Лариса кивает. В их истории немцы – дураки. Осенью через овраг лезть не стали. Дождались морозов. На задницах вниз скатились в касках и с автоматами, а выкарабкаться не смогли. Хотя можно было, можно было… Если на плечи – верхний бы вылез, других бы вытащил.

– Нет, – возражает Юра, – дядя Петя хромой в кустах сидел, в воздух стрелял… Для острастки… Что ж они, не понимали? Кто ж себе пулю хочет? Они потом на свою-то сторону выползли…
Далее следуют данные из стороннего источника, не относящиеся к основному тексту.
lemma phi_unique_minimiser_UB_star: "phi_unique_minimiser (spec2 u1 l1 \<sigma>) (UB_star XX)"
proof (cases "\<forall>l\<in>#eigs XX. 0 \<le> l")
  case True
  then show ?thesis unfolding UB_star_def by (simp add: phi_unique_minimiser_UB_star0)
next
  case False
  define c where "c = - Min (set_mset (eigs XX))"
  define XXc where "XXc = image_mset (\<lambda>A. A + c *\<^sub>R mat 1) XX"
  interpret shifted: dominant_eigenvector XXc u1 "l1 + c" "\<sigma> + c"
    unfolding XXc_def by (rule shift)
  have "\<forall>l\<in>#eigs XXc. 0 \<le> l"
    unfolding XXc_def eigs_shift[OF sym] c_def by auto
  then have "phi_unique_minimiser (spec2 u1 (l1 + c) (\<sigma> + c) - c *\<^sub>R mat 1)
      ((\<lambda>Y. Y - c *\<^sub>R mat 1) ` UB_star0 XXc)"
    by (intro phi_unique_minimiser_shift shifted.phi_unique_minimiser_UB_star0)
      (auto simp: psd2_def dest: shifted.UB_star0_psd2)
  moreover have "spec2 u1 (l1 + c) (\<sigma> + c) - c *\<^sub>R mat 1 = spec2 u1 l1 \<sigma>"
    by (simp add: spec2_scalar[OF unit_u1, symmetric] spec2_diff)
  moreover have "UB_star XX = (\<lambda>Y. Y - c *\<^sub>R mat 1) ` UB_star0 XXc"
    unfolding UB_star_def if_not_P[OF False] Let_def c_def XXc_def ..
  ultimately show ?thesis by simp
qed

end
text \<open>Telescoping the mixing step over rounds 1..T (the first round starts from
  the uniform prediction, whence the term |u_1| ln d).\<close>
lemma log_ratio_telescope:
  assumes d: "d \<ge> 1" and \<alpha>: "0 < \<alpha>" "\<alpha> < 1"
    and u: "\<forall>t\<in>{1..N}. \<forall>i<d. 0 \<le> u t i"
  shows "1 \<le> T \<Longrightarrow> T \<le> N \<Longrightarrow>
    (\<Sum>t=1..T. fs_log_ratio d \<eta> \<alpha> l u t)
    \<le> (\<Sum>j<d. u 1 j) * ln (real d)
      + (\<Sum>t=2..T. dTV d (u t) (u (t-1)) * ln (real d / \<alpha>)
           + ((\<Sum>j<d. u t j) - dTV d (u t) (u (t-1))) * ln (1 / (1 - \<alpha>)))
      + (\<Sum>j<d. u T j * ln (fs_preweight d \<eta> \<alpha> l T j))"
proof (induction T rule: nat_induct_at_least)
  case base
  have "fs_log_ratio d \<eta> \<alpha> l u 1
     = (\<Sum>j<d. u 1 j * ln (fs_preweight d \<eta> \<alpha> l 1 j) + u 1 j * ln (real d))"
    unfolding fs_log_ratio_def using d by (intro sum.cong refl) (simp add: ln_div algebra_simps)
  then show ?case by (simp add: sum.distrib sum_distrib_right)
next
  case (Suc T)
  let ?G = "\<lambda>t. dTV d (u t) (u (t-1)) * ln (real d / \<alpha>)
           + ((\<Sum>j<d. u t j) - dTV d (u t) (u (t-1))) * ln (1 / (1 - \<alpha>))"
  let ?last = "\<lambda>t. \<Sum>j<d. u t j * ln (fs_preweight d \<eta> \<alpha> l t j)"
  have step: "?last T + fs_log_ratio d \<eta> \<alpha> l u (Suc T) \<le> ?G (Suc T) + ?last (Suc T)"
  proof -
    have "?last T + fs_log_ratio d \<eta> \<alpha> l u (Suc T)
       = (\<Sum>j<d. u T j * ln (fs_preweight d \<eta> \<alpha> l T j) - u (Suc T) j * ln (fs_pred d \<eta> \<alpha> l (Suc T) j))
         + ?last (Suc T)"
      unfolding fs_log_ratio_def by (simp add: sum.distrib sum_subtractf algebra_simps)
    also have "\<dots> \<le> ?G (Suc T) + ?last (Suc T)"
      using mixing_step_bound[OF d \<alpha> Suc(1), of "u T" "u (Suc T)" \<eta> l] u Suc by auto
    finally show ?thesis .
  qed
  have "(\<Sum>t=2..Suc T. ?G t) = (\<Sum>t=2..T. ?G t) + ?G (Suc T)" using Suc(1) by simp
  moreover have "(\<Sum>t=1..Suc T. fs_log_ratio d \<eta> \<alpha> l u t)
      = (\<Sum>t=1..T. fs_log_ratio d \<eta> \<alpha> l u t) + fs_log_ratio d \<eta> \<alpha> l u (Suc T)" by simp
  ultimately show ?case using Suc step by linarith
qed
Дядя Петя был председателем поссовета. После войны его наградили. Потом посадили за то, за что наградили. Решили: раз не убил никого – значит, шпион. Живым в поселок дядя Петя не вернулся. Он пришел призраком. При здоровье и всяком благополучии увидеть его было нельзя. Но мужики клялись: стоило чуть перебрать – он тут как тут. С ружьем. Стреляет в воздух, но намекает, что в случае продолжения безобразий не промахнется. Дети его тоже видели. То шпору у кого отберет перед экзаменом, то подзатыльник за воровство соседских яблок отвесит. Говорили еще, что собирал белье с веревок перед самым дождем…
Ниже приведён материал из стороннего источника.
(* 2 f(xi) f(eta) <= f(xi)^2 + f(eta)^2, and each half integrates to the total mass of K
   by translation invariance of Lebesgue measure. *)
lemma nn_integral_kernel_quadratic_le:
  fixes f K :: "'a::euclidean_space \<Rightarrow> real"
  assumes [measurable]: "f \<in> borel_measurable borel" "K \<in> borel_measurable borel"
    and K_nonneg: "\<And>\<zeta>. 0 \<le> K \<zeta>"
  shows "(\<integral>\<^sup>+\<xi>. (\<integral>\<^sup>+\<eta>. ennreal (f \<xi> * f \<eta> * K (\<xi> - \<eta>)) \<partial>lborel) \<partial>lborel)
    \<le> (\<integral>\<^sup>+\<zeta>. K \<zeta> \<partial>lborel) * (\<integral>\<^sup>+\<xi>. ennreal ((f \<xi>)\<^sup>2) \<partial>lborel)"
proof -
  define P where "P = (\<integral>\<^sup>+\<zeta>. K \<zeta> \<partial>lborel)"
  define I where "I = (\<integral>\<^sup>+\<xi>. ennreal ((f \<xi>)\<^sup>2) \<partial>lborel)"
  have am_gm: "2 * ennreal (f \<xi> * f \<eta> * K (\<xi> - \<eta>))
      \<le> ennreal ((f \<xi>)\<^sup>2 * K (\<xi> - \<eta>)) + ennreal ((f \<eta>)\<^sup>2 * K (\<xi> - \<eta>))" for \<xi> \<eta>
  proof -
    have "2 * (f \<xi> * f \<eta>) \<le> (f \<xi>)\<^sup>2 + (f \<eta>)\<^sup>2"
      using sum_squares_bound[of "f \<xi>" "f \<eta>"] by simp
    then have "2 * (f \<xi> * f \<eta> * K (\<xi> - \<eta>)) \<le> (f \<xi>)\<^sup>2 * K (\<xi> - \<eta>) + (f \<eta>)\<^sup>2 * K (\<xi> - \<eta>)"
      using K_nonneg[of "\<xi> - \<eta>"] by (metis distrib_right mult.assoc mult_right_mono)
    then have "ennreal (2 * (f \<xi> * f \<eta> * K (\<xi> - \<eta>)))
        \<le> ennreal ((f \<xi>)\<^sup>2 * K (\<xi> - \<eta>) + (f \<eta>)\<^sup>2 * K (\<xi> - \<eta>))"
      by (rule ennreal_leI)
    then show ?thesis
      using K_nonneg[of "\<xi> - \<eta>"] by (simp add: ennreal_mult')
  qed
  have "2 * (\<integral>\<^sup>+\<xi>. (\<integral>\<^sup>+\<eta>. ennreal (f \<xi> * f \<eta> * K (\<xi> - \<eta>)) \<partial>lborel) \<partial>lborel)
      \<le> (\<integral>\<^sup>+\<xi>. (\<integral>\<^sup>+\<eta>. ennreal ((f \<xi>)\<^sup>2 * K (\<xi> - \<eta>)) + ennreal ((f \<eta>)\<^sup>2 * K (\<xi> - \<eta>)) \<partial>lborel) \<partial>lborel)"
    by (simp add: nn_integral_mono am_gm flip: nn_integral_cmult)
  also have "\<dots> = (\<integral>\<^sup>+\<xi>. (\<integral>\<^sup>+\<eta>. ennreal ((f \<xi>)\<^sup>2 * K (\<xi> - \<eta>)) \<partial>lborel) \<partial>lborel)
      + (\<integral>\<^sup>+\<eta>. (\<integral>\<^sup>+\<xi>. ennreal ((f \<eta>)\<^sup>2 * K (\<xi> - \<eta>)) \<partial>lborel) \<partial>lborel)"
    by (simp add: nn_integral_add
        flip: lborel_pair.Fubini'[where f="\<lambda>\<xi> \<eta>. ennreal ((f \<eta>)\<^sup>2 * K (\<xi> - \<eta>))"])
  also have "\<dots> = P * I + P * I"
    using K_nonneg
    by (simp add: P_def I_def ennreal_mult' nn_integral_cmult nn_integral_multc mult.commute
        nn_integral_lborel_translate[where f="\<lambda>\<zeta>. ennreal (K \<zeta>)"]
        nn_integral_lborel_reflect[where f="\<lambda>\<zeta>. ennreal (K \<zeta>)"])
  finally show ?thesis
    unfolding P_def[symmetric] I_def[symmetric]
    by (simp add: ennreal_mult_le_mult_iff flip: mult_2)
qed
– Призрак строителя коммунизма, – говорит Юра.

– Ага, – соглашается Лариса.

Соглашается еще на то, чтобы Юра был. На «городской» стороне оврага они договариваются о правилах запоя, в котором Юра буйный зверь. «Сам уйду, сам приду. Не ходи, не ищи, не зови, не проверяй. А если найдешь, то ничего не надо и кормить тоже не надо… И после ни о чем не спрашивай. Да?»

У него ясные глаза, глядя в которые Лариса хочет спросить: «Мальчик, кем ты хочешь быть?»

Пьющие мальчики умудряются так ласково останавливать время, что у них и в сорок, и в пятьдесят, и в шестьдесят есть светлое будущее. Они верят в прыжок, в чудо, в то, что печени хватит на любое перевоплощение, стоит только захотеть.

* * *

Павел Иванович всегда был уверен, что у него будет какая-то другая женщина. Он станет ее ждать, завоевывать, делать. Женщина представлялась легким, дымчатым привидением, из которого, как из портфеля, торчали немного банальные, почти бюрократические кусочки реального – тонкие руки с длинными пальцами, низкий, чуть хриплый голос, пряно-фруктовый запах, темные густые волосы. Воедино реальность не собиралась, потому что длинные пальцы завершались в воображении Павла Ивановича пугающими нарощенными ногтями, темные волосы сопровождались узкой полоской усов над верхней губой, а хриплый голос просил то водки, то сигарет «Прима».